I am 100% certain it is not. The property is in Orange County California near Disney World. I am going to do everyone a favor and just be a silent participant on this thread. I am not concerned about the viability of MVCI as a company and if/when I do, I will run for the hills.

Disney World is in Florida. Disney LAND is in Southern California.
 
If you revisit my comment, I was actually referring to the number of UNITS, not the dollar amount. Due to the low cost of acquiring existing inventory, anything they build new may seem like a significant $ amount in relative terms, but the actual number of new units should be quite small.

By aggregating the delinquent accounts for the 4 trusts and each of the 125 resorts and factoring in ROFR, it appears as though they acquire EXISTING inventory equivalent to 3-5 large resorts annually. Contrast to the relatively small number of new units they develop—perhaps only one new (smallish) resort every few years.
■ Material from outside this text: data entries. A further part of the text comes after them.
(* Let $H$ be a connected graph with $k=|V(H)|>1$ vertices that does not contain two true twins or does not contain two false twins. Then for every $p\in[0,1)$ there is no deterministic algorithm solving the Delayed Connected $H$-Node-Deletion Problem with predictions that has both consistency less than $k-\frac{1}{2-p}(k-1)$ and robustness less than $k+\frac{p}{1-p}$.
   Context: All graphs are finite, simple and undirected. Two distinct vertices are false twins if they have the same open neighborhood, and true twins if they have the same closed neighborhood $N[v]=N(v)\cup\{v\}$. An induced copy of $H$ in $G$ is an induced subgraph isomorphic to $H$; $G$ is $H$-free if it has none. An online graph $G$ has vertices $v_1,\dots,v_n$ revealed one at a time; $G_t=G[\{v_1,\dots,v_t\}]$. Delayed Connected $H$-Node-Deletion Problem with predictions (fixed connected $H$): when $v_t$ is revealed the algorithm receives a bit $u_t(G)\in\{0,1\}$; it must choose sets $S_1\subseteq\dots\subseteq S_n$ with $S_t\subseteq V(G_t)$ and $G_t-S_t$ $H$-free for each $t$, where $S_t$ depends only on $G_t$ and $u_1(G),\dots,u_t(G)$; the cost is $|S_n|$. $\mathrm{OPT}(G)$ is the minimum size of $S\subseteq V(G)$ with $G-S$ $H$-free. The advice is correct if the set of vertices with bit $1$ is a minimum-size such set. An algorithm is $(r,w)$-competitive if there is a constant $\alpha\ge0$ such that for every online graph $G$: for some correct advice its cost is at most $r\cdot\mathrm{OPT}(G)+\alpha$, and for every advice (correct or not) its cost is at most $w\cdot\mathrm{OPT}(G)+\alpha$. Consistency (resp. robustness) is the infimum of such $r$ (resp. $w$). *)

theory Defs
  imports Complex_Main "HOL-Library.Extended_Real"
begin

definition simple_graph :: "'a set \<Rightarrow> ('a \<Rightarrow> 'a \<Rightarrow> bool) \<Rightarrow> bool" where
  "simple_graph V E \<longleftrightarrow> finite V \<and> (\<forall>x y. E x y \<longrightarrow> x \<in> V \<and> y \<in> V)
     \<and> (\<forall>x y. E x y \<longrightarrow> E y x) \<and> (\<forall>x. \<not> E x x)"

definition connected_graph :: "'a set \<Rightarrow> ('a \<Rightarrow> 'a \<Rightarrow> bool) \<Rightarrow> bool" where
  "connected_graph V E \<longleftrightarrow> (\<forall>a\<in>V. \<forall>b\<in>V. (\<lambda>x y. E x y \<and> x \<in> V \<and> y \<in> V)\<^sup>*\<^sup>* a b)"

definition open_nbhd :: "'a set \<Rightarrow> ('a \<Rightarrow> 'a \<Rightarrow> bool) \<Rightarrow> 'a \<Rightarrow> 'a set" where
  "open_nbhd V E v = {w \<in> V. E v w}"

definition closed_nbhd :: "'a set \<Rightarrow> ('a \<Rightarrow> 'a \<Rightarrow> bool) \<Rightarrow> 'a \<Rightarrow> 'a set" where
  "closed_nbhd V E v = insert v (open_nbhd V E v)"

definition has_false_twins :: "'a set \<Rightarrow> ('a \<Rightarrow> 'a \<Rightarrow> bool) \<Rightarrow> bool" where
  "has_false_twins V E \<longleftrightarrow> (\<exists>u\<in>V. \<exists>v\<in>V. u \<noteq> v \<and> open_nbhd V E u = open_nbhd V E v)"

definition has_true_twins :: "'a set \<Rightarrow> ('a \<Rightarrow> 'a \<Rightarrow> bool) \<Rightarrow> bool" where
  "has_true_twins V E \<longleftrightarrow> (\<exists>u\<in>V. \<exists>v\<in>V. u \<noteq> v \<and> closed_nbhd V E u = closed_nbhd V E v)"

definition has_induced_copy ::
    "'h set \<Rightarrow> ('h \<Rightarrow> 'h \<Rightarrow> bool) \<Rightarrow> 'a set \<Rightarrow> ('a \<Rightarrow> 'a \<Rightarrow> bool) \<Rightarrow> bool" where
  "has_induced_copy VH EH X E \<longleftrightarrow>
     (\<exists>f. inj_on f VH \<and> f ` VH \<subseteq> X \<and> (\<forall>a\<in>VH. \<forall>b\<in>VH. E (f a) (f b) \<longleftrightarrow> EH a b))"

definition H_free :: "'h set \<Rightarrow> ('h \<Rightarrow> 'h \<Rightarrow> bool) \<Rightarrow> 'a set \<Rightarrow> ('a \<Rightarrow> 'a \<Rightarrow> bool) \<Rightarrow> bool" where
  "H_free VH EH X E \<longleftrightarrow> \<not> has_induced_copy VH EH X E"

text \<open>An online graph with n vertices: vertices 0,...,n-1 (vertex i is v_{i+1}),
  revealed in increasing order.  G_t has vertex set {0..<t}.\<close>
definition online_graph :: "nat \<Rightarrow> (nat \<Rightarrow> nat \<Rightarrow> bool) \<Rightarrow> bool" where
  "online_graph n E \<longleftrightarrow> simple_graph {0..<n} E"

definition trunc_graph :: "nat \<Rightarrow> (nat \<Rightarrow> nat \<Rightarrow> bool) \<Rightarrow> nat \<Rightarrow> nat \<Rightarrow> bool" where
  "trunc_graph t E = (\<lambda>i j. i < t \<and> j < t \<and> E i j)"

definition trunc_advice :: "nat \<Rightarrow> (nat \<Rightarrow> bool) \<Rightarrow> nat \<Rightarrow> bool" where
  "trunc_advice t u = (\<lambda>i. i < t \<and> u i)"

definition OPT :: "'h set \<Rightarrow> ('h \<Rightarrow> 'h \<Rightarrow> bool) \<Rightarrow> nat \<Rightarrow> (nat \<Rightarrow> nat \<Rightarrow> bool) \<Rightarrow> nat" where
  "OPT VH EH n E = (LEAST m. \<exists>S. S \<subseteq> {0..<n} \<and> card S = m \<and> H_free VH EH ({0..<n} - S) E)"

definition correct_advice ::
    "'h set \<Rightarrow> ('h \<Rightarrow> 'h \<Rightarrow> bool) \<Rightarrow> nat \<Rightarrow> (nat \<Rightarrow> nat \<Rightarrow> bool) \<Rightarrow> (nat \<Rightarrow> bool) \<Rightarrow> bool" where
  "correct_advice VH EH n E u \<longleftrightarrow>
     H_free VH EH ({0..<n} - {i. i < n \<and> u i}) E \<and> card {i. i < n \<and> u i} = OPT VH EH n E"

text \<open>A deterministic online algorithm: at time t it sees only t, G_t and the bits u_1..u_t,
  and outputs S_t.  Type: A t G_t u_{\<le>t}.\<close>
type_synonym online_alg = "nat \<Rightarrow> (nat \<Rightarrow> nat \<Rightarrow> bool) \<Rightarrow> (nat \<Rightarrow> bool) \<Rightarrow> nat set"

definition alg_out :: "online_alg \<Rightarrow> (nat \<Rightarrow> nat \<Rightarrow> bool) \<Rightarrow> (nat \<Rightarrow> bool) \<Rightarrow> nat \<Rightarrow> nat set" where
  "alg_out A E u t = A t (trunc_graph t E) (trunc_advice t u)"

definition valid_run ::
    "'h set \<Rightarrow> ('h \<Rightarrow> 'h \<Rightarrow> bool) \<Rightarrow> online_alg \<Rightarrow> nat \<Rightarrow> (nat \<Rightarrow> nat \<Rightarrow> bool) \<Rightarrow> (nat \<Rightarrow> bool) \<Rightarrow> bool" where
  "valid_run VH EH A n E u \<longleftrightarrow>
     (\<forall>t\<le>n. alg_out A E u t \<subseteq> {0..<t}
        \<and> H_free VH EH ({0..<t} - alg_out A E u t) (trunc_graph t E)
        \<and> (t < n \<longrightarrow> alg_out A E u t \<subseteq> alg_out A E u (Suc t)))"

definition solves :: "'h set \<Rightarrow> ('h \<Rightarrow> 'h \<Rightarrow> bool) \<Rightarrow> online_alg \<Rightarrow> bool" where
  "solves VH EH A \<longleftrightarrow> (\<forall>n E u. online_graph n E \<longrightarrow> valid_run VH EH A n E u)"

definition cost :: "online_alg \<Rightarrow> nat \<Rightarrow> (nat \<Rightarrow> nat \<Rightarrow> bool) \<Rightarrow> (nat \<Rightarrow> bool) \<Rightarrow> nat" where
  "cost A n E u = card (alg_out A E u n)"

definition competitive ::
    "'h set \<Rightarrow> ('h \<Rightarrow> 'h \<Rightarrow> bool) \<Rightarrow> online_alg \<Rightarrow> real \<Rightarrow> real \<Rightarrow> bool" where
  "competitive VH EH A r w \<longleftrightarrow> (\<exists>\<alpha>::real. \<alpha> \<ge> 0 \<and>
     (\<forall>n E. online_graph n E \<longrightarrow>
        (\<exists>u. correct_advice VH EH n E u \<and> real (cost A n E u) \<le> r * real (OPT VH EH n E) + \<alpha>)
      \<and> (\<forall>u. real (cost A n E u) \<le> w * real (OPT VH EH n E) + \<alpha>)))"

definition consistency :: "'h set \<Rightarrow> ('h \<Rightarrow> 'h \<Rightarrow> bool) \<Rightarrow> online_alg \<Rightarrow> ereal" where
  "consistency VH EH A = Inf {ereal r | r. \<exists>w. competitive VH EH A r w}"

definition robustness :: "'h set \<Rightarrow> ('h \<Rightarrow> 'h \<Rightarrow> bool) \<Rightarrow> online_alg \<Rightarrow> ereal" where
  "robustness VH EH A = Inf {ereal w | w. \<exists>r. competitive VH EH A r w}"

end

theory Submission
  imports Defs
begin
That's why I said they "sort of addressed" your question in their presentations. Clearly, units percentage mix is going to be different than dollar mix. They do almost certainly repurchase far more units each year than they build, but putting any realistic numbers to it is basically "spit-balling" a guess unless we have some idea what the average cost to develop a unit is and their average cost of repurchased units. Given they haven't disclosed (or even hinted at) those numbers, I prefer to avoid pure conjecture without any facts to guide an educated guess.
 
Disney World is in Florida. Disney LAND is in Southern California.
Though there is an Orange County in both California and Florida just to add to the confusion.... Personally neither location is that exciting to me, but due to the many MVC and HGV resorts in Florida i would prefer Orange County Ca,... But pretty sure my preference won't change the actual location.
 
Though there is an Orange County in both California and Florida just to add to the confusion.... Personally neither location is that exciting to me, but due to the many MVC and HGV resorts in Florida i would prefer Orange County Ca,... But pretty sure my preference won't change the actual location.

Yes another California resort would definitely be preferable to more Orlando inventory! (Even though I’m a lot closer to Florida!)